TASK OBJECTIVE.
After reading the data below, copy out every line that contains the word "dots".

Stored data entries
lemma rr_lt_level:
  assumes j: "j \<in> {1..p}" "j \<notin> peak_set"
  shows "rr d g j < level"
proof -
  have below: "d j * a j < peak" using le_peak[OF j(1)] j unfolding peak_set_def by (auto simp: less_le)
  obtain i where "i \<in> peak_set" using peak_set_nonempty by blast
  then have i: "i \<in> {1..p}" "d i * a i = peak" "i \<noteq> j" using j(2) unfolding peak_set_def by auto
  define v where "v k = (if k = j then 1 else 0 :: real)" for k
  have "((\<Sum>k=1..p. d k * v k) - 2 * 0) * budget \<le> obj d p a * (\<Sum>k=1..p. (d k + g k) * a k * v k)"
  proof (rule first_order_condition)
    show "0 < (peak - d j * a j) / d j" using below d_pos[OF j(1)] by simp
    fix t assume t: "0 < t" "t < (peak - d j * a j) / d j"
    then have "d j * (a j + t) < peak" using d_pos[OF j(1)] by (simp add: less_divide_eq algebra_simps)
    then have "Max ((\<lambda>k. d k * (a k + t * v k)) ` {1..p}) = peak"
      using i le_peak by (intro Max_image_eqI[OF _ i(1)]) (auto simp: v_def)
    then show "(\<forall>k\<in>{1..p}. 0 \<le> a k + t * v k)
        \<and> Max ((\<lambda>k. d k * (a k + t * v k)) ` {1..p}) = peak + t * 0"
      using a_nonneg t(1) by (simp add: v_def)
  qed
  then have "d j * budget \<le> obj d p a * ((d j + g j) * a j)" using j(1) by (simp add: v_def sum_mult_delta)
  then have "d j / (d j + g j) * (d j * budget) \<le> d j / (d j + g j) * (obj d p a * ((d j + g j) * a j))"
    using d_pos[OF j(1)] g_nonneg[OF j(1)] by (intro mult_left_mono) auto
  then have "rr d g j * budget \<le> obj d p a * (d j * a j)"
    unfolding rr_def using d_pos[OF j(1)] g_nonneg[OF j(1)] by (simp add: power2_eq_square mult_ac)
  also have "\<dots> < obj d p a * peak" using below obj_pos by simp
  finally show ?thesis unfolding level_def using budget_pos three_le_p by (simp add: less_divide_eq algebra_simps)
qed

lemma a_on_peak_set:
  assumes "j \<in> peak_set"
  shows "a j = peak / d j"
proof -
  have "j \<in> {1..p}" "d j * a j = peak" using assms unfolding peak_set_def by auto
  then show ?thesis using d_pos[of j] by (auto simp: field_simps)
qed

(* A second peak index keeps the maximum at peak when the coordinate j is lowered. *)
lemma level_le_rr:
  assumes j: "j \<in> peak_set" and card: "2 \<le> card peak_set"
  shows "level \<le> rr d g j"
proof -
  have "\<not> peak_set \<subseteq> {j}"
    using card card_mono[of "{j}" peak_set] by auto
  then obtain i where "i \<in> peak_set" "i \<noteq> j" by blast
  then have i: "i \<in> {1..p}" "d i * a i = peak" unfolding peak_set_def by auto
  have j': "j \<in> {1..p}" "d j * a j = peak" using j unfolding peak_set_def by auto
  define v where "v k = (if k = j then - a j else 0)" for k
  have "((\<Sum>k=1..p. d k * v k) - 2 * 0) * budget \<le> obj d p a * (\<Sum>k=1..p. (d k + g k) * a k * v k)"
  proof (rule first_order_condition)
    show "(0::real) < 1" by simp
    fix t :: real assume t: "0 < t" "t < 1"
    have "d j * (a j + t * v j) \<le> peak"
      using j' t peak_pos by (simp add: v_def algebra_simps mult_le_cancel_right1)
    then have "Max ((\<lambda>k. d k * (a k + t * v k)) ` {1..p}) = peak"
      using i \<open>i \<noteq> j\<close> le_peak by (intro Max_image_eqI[OF _ i(1)]) (auto simp: v_def)
    moreover have "0 \<le> a k + t * v k" if "k \<in> {1..p}" for k
      using a_nonneg[OF that] t by (cases "k = j") (auto simp: v_def mult_left_le_one_le)
    ultimately show "(\<forall>k\<in>{1..p}. 0 \<le> a k + t * v k)
        \<and> Max ((\<lambda>k. d k * (a k + t * v k)) ` {1..p}) = peak + t * 0"
      by simp
  qed
  then have "obj d p a * ((d j + g j) * (a j)^2) \<le> peak * budget"
    using j' by (simp add: v_def sum_mult_delta power2_eq_square)
  moreover have "(d j + g j) * (a j)^2 = peak * (peak * ((d j + g j) / (d j)^2))"
    by (simp add: a_on_peak_set[OF j] power_divide power2_eq_square)
  ultimately have "peak * (obj d p a * peak * ((d j + g j) / (d j)^2)) \<le> peak * budget"
    by (simp add: mult_ac)
  then have "obj d p a * peak * ((d j + g j) / (d j)^2) \<le> budget"
    using peak_pos by (rule mult_left_le_imp_le)
  then show ?thesis
    unfolding level_def rr_def using budget_pos three_le_p d_pos[OF j'(1)] g_nonneg[OF j'(1)]
    by (simp add: field_simps)
qed

lemma scaled_peak_path:
  assumes "\<bar>s\<bar> \<le> 1"
  obtains \<delta> where "0 < \<delta>"
    and "\<And>t. 0 < t \<Longrightarrow> t < \<delta> \<Longrightarrow>
           (\<forall>k\<in>{1..p}. 0 \<le> a k + t * (if k \<in> peak_set then s * a k else 0))
         \<and> Max ((\<lambda>k. d k * (a k + t * (if k \<in> peak_set then s * a k else 0))) ` {1..p})
             = peak + t * (s * peak)"
proof -
  obtain \<epsilon> where "0 < \<epsilon>"
    and gap: "\<And>j. j \<in> {1..p} \<Longrightarrow> j \<notin> peak_set \<Longrightarrow> d j * a j \<le> (1 - \<epsilon>) * peak"
    using peak_gap by blast
  obtain i where "i \<in> peak_set" using peak_set_nonempty by blast
  then have i: "i \<in> {1..p}" "d i * a i = peak" unfolding peak_set_def by auto
  define v where "v k = (if k \<in> peak_set then s * a k else 0)" for k
  have "0 < min 1 \<epsilon>" using \<open>0 < \<epsilon>\<close> by simp
  moreover have "(\<forall>k\<in>{1..p}. 0 \<le> a k + t * v k)
      \<and> Max ((\<lambda>k. d k * (a k + t * v k)) ` {1..p}) = peak + t * (s * peak)"
    if t: "0 < t" "t < min 1 \<epsilon>" for t
  proof -
    have "- 1 * t \<le> s * t" using assms t(1) by (intro mult_right_mono) auto
    then have st: "- t \<le> s * t" by simp
    have "d k * (a k + t * v k) \<le> peak + t * (s * peak)" if "k \<in> {1..p}" for k
    proof (cases "k \<in> peak_set")
      case True
      then show ?thesis unfolding v_def peak_set_def by (simp add: algebra_simps)
    next
      case False
      have "(1 - \<epsilon>) * peak \<le> (1 + s * t) * peak" using st t peak_pos by (intro mult_right_mono) auto
      then show ?thesis using gap[OF that False] False unfolding v_def by (simp add: algebra_simps)
    qed
    then have "Max ((\<lambda>k. d k * (a k + t * v k)) ` {1..p}) = peak + t * (s * peak)"
      using i \<open>i \<in> peak_set\<close> by (intro Max_image_eqI[OF _ i(1)]) (auto simp: v_def algebra_simps)
    moreover have "0 \<le> a k + t * v k" if "k \<in> {1..p}" for k
    proof -
      have "0 \<le> (1 + s * t) * a k" using st t a_nonneg[OF that] by simp
      then show ?thesis using a_nonneg[OF that] unfolding v_def by (simp add: algebra_simps)
    qed
    ultimately show ?thesis by simp
  qed
  ultimately show ?thesis using that unfolding v_def by blast
qed

lemma peak_scaling:
  assumes "\<bar>s\<bar> \<le> 1"
  shows "s * ((real (card peak_set) - 2) * budget)
           \<le> s * (obj d p a * peak * (\<Sum>j\<in>peak_set. (d j + g j) / (d j)^2))"
proof -
  define v where "v k = (if k \<in> peak_set then s * a k else 0)" for k
  obtain \<delta> where "0 < \<delta>"
    and path: "\<And>t. 0 < t \<Longrightarrow> t < \<delta> \<Longrightarrow> (\<forall>k\<in>{1..p}. 0 \<le> a k + t * v k)
      \<and> Max ((\<lambda>k. d k * (a k + t * v k)) ` {1..p}) = peak + t * (s * peak)"
    using scaled_peak_path[OF assms] unfolding v_def by blast
  have restrict: "(\<Sum>k=1..p. if k \<in> peak_set then f k else 0) = (\<Sum>k\<in>peak_set. f k)"
    for f :: "nat \<Rightarrow> real"
  proof -
    have "peak_set \<subseteq> {1..p}" unfolding peak_set_def by auto
    then show ?thesis using sum.inter_restrict[of "{1..p}" f peak_set] by (simp add: Int_absorb1)
  qed
  have "((\<Sum>k=1..p. d k * v k) - 2 * (s * peak)) * budget
      \<le> obj d p a * (\<Sum>k=1..p. (d k + g k) * a k * v k)"
    using \<open>0 < \<delta>\<close> path by (rule first_order_condition)
  moreover have "(\<Sum>k=1..p. d k * v k) = s * (real (card peak_set) * peak)"
  proof -
    have "(\<Sum>k=1..p. d k * v k) = (\<Sum>k\<in>peak_set. s * peak)"
      unfolding v_def restrict[symmetric] by (rule sum.cong) (auto simp: peak_set_def)
    then show ?thesis by simp
  qed
  moreover have "(\<Sum>k=1..p. (d k + g k) * a k * v k)
      = s * peak^2 * (\<Sum>j\<in>peak_set. (d j + g j) / (d j)^2)"
  proof -
    have "(\<Sum>k=1..p. (d k + g k) * a k * v k)
        = (\<Sum>k\<in>peak_set. s * peak^2 * ((d k + g k) / (d k)^2))"
      unfolding v_def restrict[symmetric]
      by (rule sum.cong) (auto simp: a_on_peak_set power2_eq_square)
    then show ?thesis by (simp add: sum_distrib_left)
  qed
  ultimately have "peak * (s * ((real (card peak_set) - 2) * budget))
      \<le> peak * (s * (obj d p a * peak * (\<Sum>j\<in>peak_set. (d j + g j) / (d j)^2)))"
    by (simp add: power2_eq_square algebra_simps)
  then show ?thesis using peak_pos by simp
qed

lemma peak_weight_pos: "0 < (\<Sum>j\<in>peak_set. (d j + g j) / (d j)^2)"
  using finite_peak_set peak_set_nonempty weight_pos unfolding peak_set_def
  by (intro sum_pos) auto

lemma card_peak_set: "real (card peak_set) - 2 = level * (\<Sum>j\<in>peak_set. (d j + g j) / (d j)^2)"
proof -
  have "(real (card peak_set) - 2) * budget = obj d p a * peak * (\<Sum>j\<in>peak_set. (d j + g j) / (d j)^2)"
    using peak_scaling[of 1] peak_scaling[of "-1"] by simp
  then show ?thesis unfolding level_def using budget_pos three_le_p by (simp add: field_simps)
qed

lemma two_lt_card_peak_set: "2 < card peak_set"
proof -
  have "0 < level" unfolding level_def using peak_pos obj_pos budget_pos three_le_p by simp
  then have "0 < real (card peak_set) - 2" using card_peak_set peak_weight_pos by simp
  then show ?thesis by simp
qed

end

locale sorted_diag_maximizer = diag_maximizer +
  assumes rr_antimono: "\<And>i j. 1 \<le> i \<Longrightarrow> i \<le> j \<Longrightarrow> j \<le> p \<Longrightarrow> rr d g j \<le> rr d g i"
begin

lemma Max_peak_set_mem: "Max peak_set \<in> peak_set"
  using finite_peak_set peak_set_nonempty by (rule Max_in)

lemma peak_set_eq_atLeastAtMost: "peak_set = {1..Max peak_set}"
proof
  show "peak_set \<subseteq> {1..Max peak_set}"
    using finite_peak_set unfolding peak_set_def by auto
  show "{1..Max peak_set} \<subseteq> peak_set"
  proof
    fix j assume j: "j \<in> {1..Max peak_set}"
    have "Max peak_set \<le> p" using Max_peak_set_mem unfolding peak_set_def by auto
    show "j \<in> peak_set"
    proof (rule ccontr)
      assume "j \<notin> peak_set"
      then have "rr d g j < level" using j \<open>Max peak_set \<le> p\<close> by (intro rr_lt_level) auto
      also have "\<dots> \<le> rr d g (Max peak_set)"
        using Max_peak_set_mem two_lt_card_peak_set by (intro level_le_rr) auto
      also have "\<dots> \<le> rr d g j" using j \<open>Max peak_set \<le> p\<close> by (intro rr_antimono) auto
      finally show False by simp
    qed
  qed
qed

lemma card_peak_set_eq_Max: "card peak_set = Max peak_set"
  by (metis card_atLeastAtMost diff_Suc_1 peak_set_eq_atLeastAtMost)

lemma cond_Max_peak_set: "cond d g (Max peak_set) = level"
  using card_peak_set peak_weight_pos
  unfolding cond_def card_peak_set_eq_Max peak_set_eq_atLeastAtMost[symmetric] by simp

lemma gap_after_Max_peak_set:
  assumes "Max peak_set < p"
  shows "d (Max peak_set + 1) * a (Max peak_set + 1) < d (Max peak_set) * a (Max peak_set)"
    and "rr d g (Max peak_set + 1) < cond d g (Max peak_set)"
proof -
  have next_index: "Max peak_set + 1 \<in> {1..p}" "Max peak_set + 1 \<notin> peak_set"
    using assms Max_ge[OF finite_peak_set, of "Max peak_set + 1"] by auto
  then show "d (Max peak_set + 1) * a (Max peak_set + 1) < d (Max peak_set) * a (Max peak_set)"
    using Max_peak_set_mem le_peak[of "Max peak_set + 1"] unfolding peak_set_def by (auto simp: less_le)
  show "rr d g (Max peak_set + 1) < cond d g (Max peak_set)"
    using rr_lt_level[OF next_index] cond_Max_peak_set by simp
qed
definition square_vertex :: "nat \<Rightarrow> nat \<Rightarrow> cell" where
  "square_vertex n i =
     (if i \<le> n then (int i, 0)
      else if i \<le> 2 * n then (int n, int i - int n)
      else if i \<le> 3 * n then (3 * int n - int i, int n)
      else (0, 4 * int n - int i))"

definition square_boundary :: "nat \<Rightarrow> cell list" where
  "square_boundary n = map (square_vertex n) [0..<4 * n]"

lemma length_square_boundary [simp]: "length (square_boundary n) = 4 * n"
  by (simp add: square_boundary_def)

lemma nth_square_boundary: "i < 4 * n \<Longrightarrow> square_boundary n ! i = square_vertex n i"
  by (simp add: square_boundary_def)

lemma bprev_square_boundary:
  "i < 4 * n \<Longrightarrow> bprev (square_boundary n) i = square_vertex n (if i = 0 then 4 * n - 1 else i - 1)"
proof -
  assume i: "i < 4 * n"
  have "(i + 4 * n - 1) mod (4 * n) = (if i = 0 then 4 * n - 1 else i - 1)"
    using i by (cases i) simp_all
  with i show ?thesis
    by (simp add: bprev_def nth_square_boundary)
qed

lemma square_vertex_on_side:
  fixes n i :: nat
  defines "z \<equiv> rpt (square_vertex n i)" and "m \<equiv> real n"
  shows "i \<le> n \<Longrightarrow> z \<in> {0..m} \<times> {0}"
    and "n \<le> i \<Longrightarrow> i \<le> 2 * n \<Longrightarrow> z \<in> {m} \<times> {0..m}"
    and "2 * n \<le> i \<Longrightarrow> i \<le> 3 * n \<Longrightarrow> z \<in> {0..m} \<times> {m}"
    and "3 * n \<le> i \<Longrightarrow> i \<le> 4 * n \<Longrightarrow> z \<in> {0} \<times> {0..m}"
  by (auto simp: z_def m_def square_vertex_def rpt_def)

lemma square_vertex_sides:
  assumes "k \<le> n"
  shows "square_vertex n k = (int k, 0)"
    and "square_vertex n (n + k) = (int n, int k)"
    and "square_vertex n (3 * n - k) = (int k, int n)"
    and "square_vertex n (4 * n - k) = (0, int k)"
  using assms by (auto simp: square_vertex_def of_nat_diff)

lemma bcurve_square_boundary:
  "bcurve (square_boundary n) =
     (\<Union>j\<in>{1..4 * n}. closed_segment (rpt (square_vertex n (j - 1))) (rpt (square_vertex n j)))"
    (is "_ = (\<Union>j\<in>{1..4 * n}. ?E j)")
proof -
  have last: "square_vertex n (4 * n) = square_vertex n 0"
    by (simp add: square_vertex_def)
  have edge: "closed_segment (rpt (bprev (square_boundary n) i)) (rpt (square_boundary n ! i)) =
          ?E (if i = 0 then 4 * n else i)" if "i < 4 * n" for i
    using that last by (simp add: bprev_square_boundary nth_square_boundary)
  have "bcurve (square_boundary n) = (\<Union>i<4 * n. ?E (if i = 0 then 4 * n else i))"
    unfolding bcurve_def length_square_boundary using edge by (intro SUP_cong) simp_all
  also have "\<dots> = (\<Union>j\<in>(\<lambda>i. if i = 0 then 4 * n else i) ` {..<4 * n}. ?E j)"
    by (simp only: image_image)
  also have "(\<lambda>i. if i = 0 then 4 * n else i) ` {..<4 * n} = {1..4 * n}"
  proof (intro equalityI subsetI)
    fix j assume "j \<in> {1..4 * n}"
    then show "j \<in> (\<lambda>i. if i = 0 then 4 * n else i) ` {..<4 * n}"
      by (cases "j = 4 * n") (auto intro!: image_eqI[where x = 0] image_eqI[where x = j])
  qed auto
  finally show ?thesis .
qed

lemma bcurve_subset_frontier_square:
  "bcurve (square_boundary n) \<subseteq> frontier ({0..real n} \<times> {0..real n})"
  unfolding bcurve_square_boundary
proof (rule UN_least)
  fix j assume j: "j \<in> {1..4 * n}"
  let ?F = "frontier ({0..real n} \<times> {0..real n})"
  have on_side: "closed_segment (rpt (square_vertex n (j - 1))) (rpt (square_vertex n j)) \<subseteq> ?F"
    if "rpt (square_vertex n (j - 1)) \<in> S" "rpt (square_vertex n j) \<in> S" "convex S" "S \<subseteq> ?F"
    for S
    using closed_segment_subset[OF that(1-3)] that(4) by blast
  consider "j \<le> n" | "n < j" "j \<le> 2 * n" | "2 * n < j" "j \<le> 3 * n" | "3 * n < j"
    by linarith
  then show "closed_segment (rpt (square_vertex n (j - 1))) (rpt (square_vertex n j)) \<subseteq> ?F"
  proof cases
    case 1
    then show ?thesis
      by (intro on_side[of "{0..real n} \<times> {0}"] square_vertex_on_side convex_Times)
         (auto simp: frontier_square)
  next
    case 2
    then show ?thesis
      by (intro on_side[of "{real n} \<times> {0..real n}"] square_vertex_on_side convex_Times)
         (auto simp: frontier_square)
  next
    case 3
    then show ?thesis
      by (intro on_side[of "{0..real n} \<times> {real n}"] square_vertex_on_side convex_Times)
         (auto simp: frontier_square)
  next
    case 4
    then show ?thesis
      using j by (intro on_side[of "{0} \<times> {0..real n}"] square_vertex_on_side convex_Times)
         (auto simp: frontier_square)
  qed
qed

lemma frontier_square_subset_bcurve:
  assumes "0 < n"
  shows "frontier ({0..real n} \<times> {0..real n}) \<subseteq> bcurve (square_boundary n)"
proof
  fix z assume "z \<in> frontier ({0..real n} \<times> {0..real n})"
  then obtain x y where z: "z = (x, y)" and xy: "x \<in> {0..real n}" "y \<in> {0..real n}"
    and side: "y = 0 \<or> x = real n \<or> y = real n \<or> x = 0"
    by (auto simp: frontier_square)
  obtain kx where kx: "kx < n" "real kx \<le> x" "x \<le> real (Suc kx)"
    using xy(1) assms by (auto elim: unit_interval_cover)
  obtain ky where ky: "ky < n" "real ky \<le> y" "y \<le> real (Suc ky)"
    using xy(2) assms by (auto elim: unit_interval_cover)
  let ?E = "\<lambda>j. closed_segment (rpt (square_vertex n (j - 1))) (rpt (square_vertex n j))"
  have "\<exists>j\<in>{1..4 * n}. z \<in> ?E j"
    using side
  proof (elim disjE)
    assume "y = 0"
    then show ?thesis
      using kx closed_segment_horizontal[OF kx(2,3), of 0]
      by (intro bexI[of _ "Suc kx"]) (auto simp: z square_vertex_sides rpt_def)
  next
    assume "x = real n"
    then show ?thesis
      using ky closed_segment_vertical[OF ky(2,3), of x] square_vertex_sides(2)[of "Suc ky" n]
      by (intro bexI[of _ "n + Suc ky"]) (auto simp: z square_vertex_sides rpt_def)
  next
    assume "y = real n"
    then show ?thesis
      using kx closed_segment_horizontal[OF kx(2,3), of y] square_vertex_sides(3)[of "Suc kx" n]
      by (intro bexI[of _ "3 * n - kx"])
        (auto simp: z square_vertex_sides rpt_def closed_segment_commute Suc_diff_Suc)
  next
    assume "x = 0"
    then show ?thesis
      using ky closed_segment_vertical[OF ky(2,3), of x] square_vertex_sides(4)[of "Suc ky" n]
      by (intro bexI[of _ "4 * n - ky"])
        (auto simp: z square_vertex_sides rpt_def closed_segment_commute Suc_diff_Suc)
  qed
  then show "z \<in> bcurve (square_boundary n)"
    by (simp add: bcurve_square_boundary)
qed

lemma interior_square_subset_inside:
  assumes "0 < n"
  shows "{0<..<real n} \<times> {0<..<real n} \<subseteq> inside (bcurve (square_boundary n))"
proof -
  have "bcurve (square_boundary n) = frontier ({0..real n} \<times> {0..real n})"
    using bcurve_subset_frontier_square frontier_square_subset_bcurve[OF assms] by (rule antisym)
  then show ?thesis
    using interior_inside_frontier[of "{0..real n} \<times> {0..real n}"]
    by (simp add: interior_Times bounded_Times)
qed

OUTPUT OF THE EXERCISE.
  also have "\<dots> < obj d p a * peak" using below obj_pos by simp
      also have "\<dots> \<le> rr d g (Max peak_set)"
      also have "\<dots> \<le> rr d g j" using j \<open>Max peak_set \<le> p\<close> by (intro rr_antimono) auto
  also have "\<dots> = (\<Union>j\<in>(\<lambda>i. if i = 0 then 4 * n else i) ` {..<4 * n}. ?E j)"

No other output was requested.